Нас обвенчали в капелле церкви Сан-Филиппо. Мне казалось, что я воспарил на небеса блаженства, я разорвал все свои сомнительные связи, вышел в отставку, меня больше никто не встречал в тех кругах, где я прежде кощунственно утопал во всяческих пороках. Именно это изменение прежнего образа жизни послужило к моей погибели. Та самая танцовщица, отношения с которой я порвал, выследила, куда я отправляюсь каждый вечер, и, предчувствуя, что из этого, быть может, разовьется зерно ее мести, открыла моему брату тайну моей любви. Брат мой прокрался вслед за мной в наше гнездышко и застал меня в объятьях Анджелы. Гектор обратил все в шутку, попросил извинить ему его настойчивость и стал упрекать меня в том, что я оказался таким скрытным и не доверяю ему, хотя бы как откровенному другу; но я слишком явственно заметил, до чего поразила его возвышенная прелесть Анджелы. Искра была заронена, пламя бешеной страсти вспыхнуло в его душе. Он часто приходил к нам, хотя только в те часы, когда он заведомо знал, что я дома. Мне показалось, будто я замечаю, что безумная страсть Гектора встречает взаимность, и все фурии ревности терзали грудь мою. Тут-то я и постиг все ужасы преисподней! Однажды, когда я вошел в покои Анджелы, мне показалось, что из соседней комнаты донесся голос Гектора. Со смертью в душе я остался стоять, как будто врос корнями в пол. Но внезапно Гектор ворвался из соседней комнаты – лицо его пылало, и дикий взгляд блуждал, как у исступленного. «Проклятый, больше ты не будешь стоять на моем пути!» – так воскликнул он, кипя от злости, мгновенно выхватил кинжал и вонзил его по рукоять в грудь мою. Подоспевший хирург обнаружил, что удар пришелся в самое сердце. Всеблагая удостоила меня великой милости своей, свершив чудо и даровав мне жизнь.

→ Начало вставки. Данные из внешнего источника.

lemma nn_integral_vg_pdf_nonneg:
  fixes \<mu> \<alpha> \<beta> :: real
  assumes "\<mu> > -1/2" "\<alpha> > 0" "\<bar>\<beta>\<bar> < \<alpha>"
  shows "(\<integral>\<^sup>+x. ennreal (vg_pdf \<mu> \<alpha> \<beta> x) * indicator {0..} x \<partial>lborel)
         = ennreal (vg_const \<mu> \<alpha> \<beta> * Gamma (\<mu> + 1)) * vg_kernel_integral \<mu> \<alpha> (- \<beta>)"
proof -
  have "(\<integral>\<^sup>+x. ennreal (vg_pdf \<mu> \<alpha> \<beta> x) * indicator {0..} x \<partial>lborel)
      = (\<integral>\<^sup>+x. ennreal (indicator {0<..} x * vg_pdf \<mu> \<alpha> (- \<beta>) (- x)) \<partial>lborel)"
    by (intro nn_integral_cong_AE eventually_mono[OF AE_lborel_singleton[of 0]])
       (auto simp: indicator_def vg_pdf_uminus)
  also have "\<dots> = ennreal (vg_const \<mu> \<alpha> \<beta> * Gamma (\<mu> + 1)) * vg_kernel_integral \<mu> \<alpha> (- \<beta>)"
    using nn_integral_vg_pdf_neg[of \<mu> \<alpha> "- \<beta>"] assms by (simp add: vg_const_uminus)
  finally show ?thesis .
qed

lemma set_integral_Ioi_FTC:
  fixes G f :: "real \<Rightarrow> real"
  assumes deriv: "\<And>t. (G has_real_derivative f t) (at t)"
    and cont: "\<And>t. isCont f t"
    and int: "set_integrable lborel {0<..} f"
    and lim: "(G \<longlongrightarrow> L) at_top"
  shows "(LINT t:{0<..}|lborel. f t) = L - G 0"
proof -
  have "isCont G 0" using deriv by (rule DERIV_isCont)
  then have "(G \<longlongrightarrow> G 0) (at_right 0)"
    by (simp add: isCont_def filterlim_at_split)
  then have A: "((G \<circ> real_of_ereal) \<longlongrightarrow> G 0) (at_right 0)"
    unfolding zero_ereal_def ereal_tendsto_simps1 .
  have B: "((G \<circ> real_of_ereal) \<longlongrightarrow> L) (at_left \<infinity>)"
    unfolding ereal_tendsto_simps1 by (rule lim)
  have "(LBINT t=0..\<infinity>. f t) = L - G 0"
    using deriv cont int A B
    by (intro interval_integral_FTC_integrable)
       (auto simp: has_real_derivative_iff_has_vector_derivative zero_ereal_def)
  then show ?thesis by (simp add: interval_lebesgue_integral_0_infty)
qed

lemma tendsto_exp_neg_mult_at_top:
  assumes "(c::real) > 0"
  shows "((\<lambda>t. exp (- c * t)) \<longlongrightarrow> 0) at_top"
proof -
  have "LIM t at_top. c * t :> at_top"
    using assms by (intro filterlim_tendsto_pos_mult_at_top[OF tendsto_const] filterlim_ident)
  then have "LIM t at_top. - c * t :> at_bot"
    by (simp add: filterlim_uminus_at_bot)
  then show ?thesis by (rule filterlim_compose[OF exp_at_bot])
qed

lemma DERIV_cosh_powr: "((\<lambda>t. cosh t powr r) has_real_derivative (r * cosh t powr (r - 1) * sinh t)) (at t)"
proof -
  have "DERIV cosh t :> sinh t" using has_field_derivative_cosh[OF DERIV_ident] by simp
  from DERIV_fun_powr[OF this cosh_real_pos, of r] show ?thesis by simp
qed

lemma isCont_cosh_sech: "isCont (cosh_sech \<mu> p) t"
  unfolding cosh_sech_def by (intro continuous_intros) auto

lemma cosh_powr_eq_mult: "q = r + 1 \<Longrightarrow> cosh t powr q = cosh t * cosh t powr (r :: real)"
  by (simp add: powr_add)

lemma abs_sinh_le_cosh: "\<bar>sinh x\<bar> \<le> cosh (x :: real)"
  using sinh_le_cosh_real[of x] sinh_le_cosh_real[of "- x"] by (cases "x \<ge> 0") auto

lemma DERIV_sinh_mult_cosh_powr:
  "((\<lambda>t. sinh ((\<mu> + 1) * t) * cosh t powr (- (\<mu> + 1)))
     has_real_derivative (\<mu> + 1) * cosh_sech \<mu> (\<mu> + 2) t) (at t)"
proof -
  define a where "a = \<mu> + 1"
  have "((\<lambda>t. sinh (a * t) * cosh t powr (- a)) has_real_derivative cosh (a * t) * a * cosh t powr (- a)
      + sinh (a * t) * (- a * cosh t powr (- a - 1) * sinh t)) (at t)"
    by (intro derivative_eq_intros DERIV_cosh_powr) auto
  moreover have "cosh t powr (- a) = cosh t * cosh t powr (- (\<mu> + 2))"
    by (rule cosh_powr_eq_mult) (simp add: a_def)
  moreover have "cosh t powr (- a - 1) = cosh t powr (- (\<mu> + 2))"
    by (rule arg_cong[where f="(powr) (cosh t)"]) (simp add: a_def)
  moreover have "cosh (a * t) * cosh t - sinh (a * t) * sinh t = cosh (\<mu> * t)"
    using cosh_diff[of "a * t" t] by (simp add: a_def algebra_simps)
  ultimately show ?thesis
    unfolding cosh_sech_def a_def[symmetric] by (elim DERIV_cong) algebra
qed
lemma measure_replicate_pmf_select_le:
  assumes xs: "distinct xs" "set xs \<subseteq> {..<m}" "length xs = t"
  shows "measure (replicate_pmf m D) {S. \<forall>j<t. S ! (xs ! j) \<in> B j} \<le> (\<Prod>j<t. measure D (B j))"
proof -
  define C where "C = (\<lambda>i. {s. \<forall>j<t. xs ! j = i \<longrightarrow> s \<in> B j})"
  have CB: "C (xs ! j) = B j" if "j < t" for j
  proof -
    have "xs ! j' = xs ! j \<longleftrightarrow> j' = j" if "j' < t" for j'
      using xs that \<open>j < t\<close> by (simp add: nth_eq_iff_index_eq)
    then show ?thesis unfolding C_def using that by auto
  qed
  have C_UNIV: "C i = UNIV" if "i \<notin> set xs" for i
    unfolding C_def using that xs by (auto simp: in_set_conv_nth)
  have reindex: "set xs = (\<lambda>j. xs ! j) ` {..<t}" "inj_on (\<lambda>j. xs ! j) {..<t}"
    using xs by (auto simp: in_set_conv_nth image_iff intro!: inj_onI simp: nth_eq_iff_index_eq)
  have "emeasure (replicate_pmf m D) {S. \<forall>j<t. S ! (xs ! j) \<in> B j}
      \<le> emeasure (replicate_pmf m D) {S. \<forall>i<m. S ! i \<in> C i}"
    unfolding C_def by (rule emeasure_mono) auto
  also have "\<dots> = (\<Prod>i<m. emeasure (measure_pmf D) (C i))"
    by (rule emeasure_replicate_pmf_coordinatewise)
  also have "\<dots> = (\<Prod>i\<in>set xs. emeasure (measure_pmf D) (C i))"
    by (rule prod.mono_neutral_right)
       (use xs C_UNIV in \<open>auto simp: measure_pmf.emeasure_space_1[simplified]\<close>)
  also have "\<dots> = (\<Prod>j<t. emeasure (measure_pmf D) (B j))"
    using CB by (simp add: reindex prod.reindex)
  also have "\<dots> = ennreal (\<Prod>j<t. measure D (B j))"
    by (simp add: measure_pmf.emeasure_eq_measure prod_ennreal)
  finally show ?thesis by (simp add: measure_pmf.emeasure_eq_measure prod_nonneg)
qed

lemma pmf_map_pmf_unique_preimage:
  assumes "\<And>x. x \<in> set_pmf M \<Longrightarrow> f x = y \<longleftrightarrow> x = x0"
  shows "pmf (map_pmf f M) y = pmf M x0"
proof -
  have "pmf (map_pmf f M) y = measure M (f -` {y} \<inter> set_pmf M)"
    by (simp add: pmf_map measure_Int_set_pmf)
  also have "f -` {y} \<inter> set_pmf M = {x0} \<inter> set_pmf M" using assms by auto
  finally show ?thesis by (simp add: measure_Int_set_pmf measure_pmf_single)
qed

lemma measure_pmf_cong_set_pmf:
  assumes "\<And>x. x \<in> set_pmf M \<Longrightarrow> x \<in> S \<longleftrightarrow> x \<in> T"
  shows "measure M S = measure M T"
proof -
  have "S \<inter> set_pmf M = T \<inter> set_pmf M" using assms by auto
  then show ?thesis by (metis measure_Int_set_pmf)
qed

lemma cond_pmf_cong_set_pmf:
  assumes eq: "\<And>x. x \<in> set_pmf P \<Longrightarrow> x \<in> S \<longleftrightarrow> x \<in> T" and ne: "set_pmf P \<inter> S \<noteq> {}"
  shows "cond_pmf P S = cond_pmf P T"
proof (rule pmf_eqI)
  fix x
  have ne': "set_pmf P \<inter> T \<noteq> {}" using eq ne by auto
  have "measure P S = measure P T" by (rule measure_pmf_cong_set_pmf) (use eq in auto)
  then show "pmf (cond_pmf P S) x = pmf (cond_pmf P T) x"
    unfolding pmf_cond[OF ne] pmf_cond[OF ne']
    using eq[of x] by (auto simp: set_pmf_iff)
qed

lemma pmf_bind_pmf_unique:
  assumes "\<And>v. v \<in> set_pmf P \<Longrightarrow> v \<noteq> v0 \<Longrightarrow> pmf (K v) x = 0"
  shows "pmf (bind_pmf P K) x = pmf P v0 * pmf (K v0) x"
proof -
  have "pmf (bind_pmf P K) x = (\<integral>v. indicator {v0} v * pmf (K v0) x \<partial>P)"
    unfolding pmf_bind using assms
    by (intro integral_cong_AE) (auto simp: AE_measure_pmf_iff indicator_def)
  then show ?thesis by (simp add: measure_pmf_single)
qed

lemma map_nth_upt_eq_take: "k \<le> length x \<Longrightarrow> map ((!) x) [0..<k] = take k x"
  by (intro nth_equalityI) auto

lemma map_nth_upt_eq_drop: "length w = n + k \<Longrightarrow> map ((!) w) [n..<n+k] = drop n w"
  by (intro nth_equalityI) auto

lemma prod_list_map_take: "n \<le> length w \<Longrightarrow> prod_list (map f (take n w)) = (\<Prod>j<n. f (w ! j))"
  by (subst prod.list_conv_set_nth) (simp add: atLeast0LessThan min_def)

lemma tv_dist_nonneg: "0 \<le> tv_dist p q"
  and tv_dist_le_1: "tv_dist p q \<le> 1"
proof -
  have bound: "\<bar>measure_pmf.prob p A - measure_pmf.prob q A\<bar> \<le> 1" for A
  proof -
    have "0 \<le> measure_pmf.prob p A" "measure_pmf.prob p A \<le> 1"
      "0 \<le> measure_pmf.prob q A" "measure_pmf.prob q A \<le> 1" by auto
    then show ?thesis by linarith
  qed
  then have "bdd_above (range (\<lambda>A. \<bar>measure_pmf.prob p A - measure_pmf.prob q A\<bar>))"
    by (intro bdd_aboveI[where M=1]) auto
  then show "0 \<le> tv_dist p q" unfolding tv_dist_def
    by (rule cSUP_upper2[of _ _ "{}"]) auto
  show "tv_dist p q \<le> 1" unfolding tv_dist_def using bound by (intro cSUP_least) auto
qed

section \<open>Uniformly random distinct positions\<close>

definition distinct_idx :: "nat \<Rightarrow> nat \<Rightarrow> nat list set" where
  "distinct_idx m t = {xs. distinct xs \<and> length xs = t \<and> set xs \<subseteq> {..<m}}"

definition uniform_idx :: "nat \<Rightarrow> nat \<Rightarrow> nat list pmf" where
  "uniform_idx m t = pmf_of_set (distinct_idx m t)"

lemma finite_distinct_idx: "finite (distinct_idx m t)"
proof -
  have "distinct_idx m t \<subseteq> {xs. set xs \<subseteq> {..<m} \<and> length xs = t}" unfolding distinct_idx_def by auto
  then show ?thesis using finite_lists_length_eq[of "{..<m}" t] by (rule finite_subset) simp
qed

lemma distinct_idx_nonempty: "t \<le> m \<Longrightarrow> distinct_idx m t \<noteq> {}"
  unfolding distinct_idx_def by (rule ccontr) (use nothing in \<open>auto dest!: spec[of _ "[0..<t]"]\<close>)

lemma set_uniform_idx: "t \<le> m \<Longrightarrow> set_pmf (uniform_idx m t) = distinct_idx m t"
  unfolding uniform_idx_def using finite_distinct_idx distinct_idx_nonempty by simp

definition idx_extensions :: "nat \<Rightarrow> nat \<Rightarrow> nat list \<Rightarrow> nat list set" where
  "idx_extensions m d js = {rs. length rs = d \<and> distinct rs \<and> set rs \<subseteq> {..<m} - set js}"

lemma finite_idx_extensions: "finite (idx_extensions m d js)"
proof -
  have "idx_extensions m d js \<subseteq> {xs. set xs \<subseteq> {..<m} \<and> length xs = d}"
    unfolding idx_extensions_def by auto
  then show ?thesis using finite_lists_length_eq[of "{..<m}" d] by (rule finite_subset) simp
qed

lemma card_idx_extensions:
  assumes "js \<in> distinct_idx m t" and "t + d \<le> m"
  shows "card (idx_extensions m d js) = \<Prod>{m - t - d + 1 .. m - t}"
proof -
  have "card ({..<m} - set js) = m - t"
    using assms unfolding distinct_idx_def by (auto simp: card_Diff_subset distinct_card)
  then show ?thesis unfolding idx_extensions_def using assms(2) by (subst card_lists_distinct_length_eq) auto
qed

lemma distinct_idx_append_decomp:
  assumes "t \<le> L"
  shows "distinct_idx m L = (\<Union>js\<in>distinct_idx m t. (\<lambda>rs. js @ rs) ` idx_extensions m (L - t) js)"
proof (intro set_eqI iffI)
  fix xs assume "xs \<in> distinct_idx m L"
  then have "take t xs \<in> distinct_idx m t" "drop t xs \<in> idx_extensions m (L - t) (take t xs)"
    unfolding distinct_idx_def idx_extensions_def using assms
    by (auto dest: in_set_takeD in_set_dropD simp: set_take_disj_set_drop_if_distinct)
       (metis append_take_drop_id distinct_append disjoint_iff)
  then show "xs \<in> (\<Union>js\<in>distinct_idx m t. (\<lambda>rs. js @ rs) ` idx_extensions m (L - t) js)"
    by (intro UN_I[of "take t xs"]) (auto intro!: image_eqI[of _ _ "drop t xs"])
qed (use assms in \<open>auto simp: idx_extensions_def distinct_idx_def\<close>)

text \<open>A uniform distinct list of length \<open>L\<close> is drawn by extending a uniform distinct
  list of length \<open>t\<close> uniformly, since the number of extensions does not depend on the prefix.\<close>
lemma uniform_idx_take:
  assumes "t \<le> L" "L \<le> m"
  shows "map_pmf (take t) (uniform_idx m L) = uniform_idx m t"
proof -
  define F where "F js = (\<lambda>rs. js @ rs) ` idx_extensions m (L - t) js" for js
  have card_F: "card (F js) = \<Prod>{m - t - (L - t) + 1 .. m - t}" if "js \<in> distinct_idx m t" for js
    unfolding F_def using card_idx_extensions[OF that] assms by (subst card_image) (auto intro: inj_onI)
  have F_nonempty: "F js \<noteq> {}" if "js \<in> distinct_idx m t" for js
  proof -
    have "0 < card (F js)" using card_F[OF that] assms by (auto intro!: prod_pos)
    then show ?thesis by auto
  qed
  have finite_F: "finite (F js)" for js unfolding F_def using finite_idx_extensions by simp
  have UN: "distinct_idx m L = (\<Union>js\<in>distinct_idx m t. F js)"
    unfolding F_def by (rule distinct_idx_append_decomp[OF assms(1)])
  have "disjoint_family_on F (distinct_idx m t)"
    unfolding disjoint_family_on_def F_def distinct_idx_def by auto
  then have "uniform_idx m L = do {js \<leftarrow> uniform_idx m t; pmf_of_set (F js)}"
    unfolding uniform_idx_def UN
    using finite_distinct_idx distinct_idx_nonempty assms card_F F_nonempty finite_F
    by (intro pmf_of_set_UN) auto
  also have "map_pmf (take t) \<dots> = do {js \<leftarrow> uniform_idx m t; return_pmf js}"
    unfolding map_bind_pmf
  proof (intro bind_pmf_cong refl)
    fix js assume "js \<in> set_pmf (uniform_idx m t)"
    then have js: "js \<in> distinct_idx m t" using set_uniform_idx assms by auto
    have "map_pmf (take t) (pmf_of_set (F js)) = map_pmf (\<lambda>_. js) (pmf_of_set (F js))"
      using finite_F F_nonempty[OF js] js
      by (intro map_pmf_cong refl) (auto simp: F_def distinct_idx_def)
    then show "map_pmf (take t) (pmf_of_set (F js)) = return_pmf js" by (simp add: map_pmf_const)
  qed
  finally show ?thesis by (simp add: bind_return_pmf')
qed

lemma uniform_idx_permute:
  assumes qs: "distinct qs" "set qs = {..<L}" and "L \<le> m"
  shows "map_pmf (\<lambda>xs. map ((!) xs) qs) (uniform_idx m L) = uniform_idx m L"
proof -
  let ?f = "\<lambda>xs. map ((!) xs) qs"
  have "length qs = L" using qs by (metis distinct_card card_lessThan)
  have inj: "inj_on ?f (distinct_idx m L)"
  proof (rule inj_onI)
    fix xs ys assume a: "xs \<in> distinct_idx m L" "ys \<in> distinct_idx m L" "?f xs = ?f ys"
    have "\<forall>i<L. xs ! i = ys ! i"
    proof (intro allI impI)
      fix i assume "i < L"
      then obtain j where "j < length qs" "qs ! j = i" using qs by (metis in_set_conv_nth lessThan_iff)
      then show "xs ! i = ys ! i" using a(3) by (metis nth_map)
    qed
    then show "xs = ys" using a unfolding distinct_idx_def by (auto intro: nth_equalityI)
  qed
  have "?f ` distinct_idx m L \<subseteq> distinct_idx m L"
  proof
    fix y assume "y \<in> ?f ` distinct_idx m L"
    then obtain xs where xs: "xs \<in> distinct_idx m L" "y = ?f xs" by auto
    have "inj_on ((!) xs) (set qs)" using xs(1) qs unfolding distinct_idx_def
      by (auto intro!: inj_onI simp: nth_eq_iff_index_eq)
    then have "distinct y" using xs qs by (simp add: distinct_map)
    moreover have "set y \<subseteq> {..<m}" using xs qs unfolding distinct_idx_def by (auto dest!: nth_mem intro: subsetD)
    ultimately show "y \<in> distinct_idx m L" using xs \<open>length qs = L\<close> unfolding distinct_idx_def by simp
  qed
  then have "?f ` distinct_idx m L = distinct_idx m L"
    by (rule endo_inj_surj[OF finite_distinct_idx _ inj])
  then show ?thesis unfolding uniform_idx_def
    using map_pmf_of_set_inj[OF inj distinct_idx_nonempty[OF \<open>L \<le> m\<close>] finite_distinct_idx] by simp
qed

lemma uniform_idx_select:
  assumes ps: "distinct ps" "set ps \<subseteq> {..<L}" and "L \<le> m"
  shows "map_pmf (\<lambda>xs. map ((!) xs) ps) (uniform_idx m L) = uniform_idx m (length ps)"
proof -
  define qs where "qs = ps @ filter (\<lambda>i. i \<notin> set ps) [0..<L]"
  have qs: "distinct qs" "set qs = {..<L}" unfolding qs_def using ps by auto
  have "length ps \<le> L" using ps by (metis card_lessThan card_mono distinct_card finite_lessThan)
  have select_eq: "map ((!) xs) ps = take (length ps) (map ((!) xs) qs)" for xs
    unfolding qs_def by auto
  have "map_pmf (\<lambda>xs. map ((!) xs) ps) (uniform_idx m L)
      = map_pmf (take (length ps)) (map_pmf (\<lambda>xs. map ((!) xs) qs) (uniform_idx m L))"
    by (simp only: map_pmf_comp select_eq)
  then show ?thesis
    using uniform_idx_permute[OF qs \<open>L \<le> m\<close>] uniform_idx_take[OF \<open>length ps \<le> L\<close> \<open>L \<le> m\<close>]
    by simp
qed

definition coord_sample :: "nat \<Rightarrow> 'a list pmf \<Rightarrow> nat \<Rightarrow> 'a list pmf" where
  "coord_sample m \<mu> t = bind_pmf \<mu> (\<lambda>Y. map_pmf (\<lambda>xs. map ((!) Y) xs) (uniform_idx m t))"

lemma length_coord_sample: "t \<le> m \<Longrightarrow> w \<in> set_pmf (coord_sample m \<mu> t) \<Longrightarrow> length w = t"
  unfolding coord_sample_def using set_uniform_idx by (auto simp: distinct_idx_def)

lemma coord_sample_select:
  assumes ps: "distinct ps" "set ps \<subseteq> {..<L}" and "L \<le> m"
  shows "map_pmf (\<lambda>w. map ((!) w) ps) (coord_sample m \<mu> L) = coord_sample m \<mu> (length ps)"
proof -
  have "map_pmf (\<lambda>w. map ((!) w) ps) (map_pmf (\<lambda>xs. map ((!) Y) xs) (uniform_idx m L))
      = map_pmf (\<lambda>xs. map ((!) Y) xs) (map_pmf (\<lambda>xs. map ((!) xs) ps) (uniform_idx m L))" for Y
    unfolding map_pmf_comp
  proof (intro map_pmf_cong refl)
    fix xs assume "xs \<in> set_pmf (uniform_idx m L)"
    then have "length xs = L" using set_uniform_idx[OF \<open>L \<le> m\<close>] unfolding distinct_idx_def by auto
    then show "map ((!) (map ((!) Y) xs)) ps = map ((!) Y) (map ((!) xs) ps)"
      using ps by auto
  qed
  then show ?thesis
    unfolding coord_sample_def map_bind_pmf uniform_idx_select[OF ps \<open>L \<le> m\<close>]
    by (intro bind_pmf_cong) auto
qed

Монах произнес эти последние слова тихим, дрожащим голосом и затем, казалось, погрузился в горестные раздумья.
– Но что же, – спросил Крейслер, – но что же стало с Анджелой?
– Когда убийца хотел вкусить плоды своего злодеяния, – ответил монах глухо, как бы голосом привидения, – любимую мою охватила смертельная судорога и она умерла у него на руках. Яд…
Произнеся эти слова, монах пал наземь, лицом вниз, и захрипел, как будто в агонии. Крейслер дернул за веревку колокола и взбудоражил всю обитель. Сбежались братья-монахи и унесли Киприана, лишившегося чувств, в монастырскую больницу.
На следующее утро Крейслер нашел аббата в необыкновенно веселом настроении.
– Ха-ха, мой милый Иоганнес, вы никак не хотели верить в чудеса новейших времен, а ведь вы вчера в церкви сами, собственной персоной, совершили удивительнейшее из чудес, какие только бывают на этом свете! Ну скажите, что вы такое сотворили с нашим надменным, заносчивым святым: он лежит будто мучающийся угрызениями совести грешник, раздавленный бременем грехов своих, и в детском страхе смерти молит нас о прощении за то, что он-де желал вознестись превыше нас всех! Неужели же вы заставили его, который требовал от вас исповеди, исповедаться самого?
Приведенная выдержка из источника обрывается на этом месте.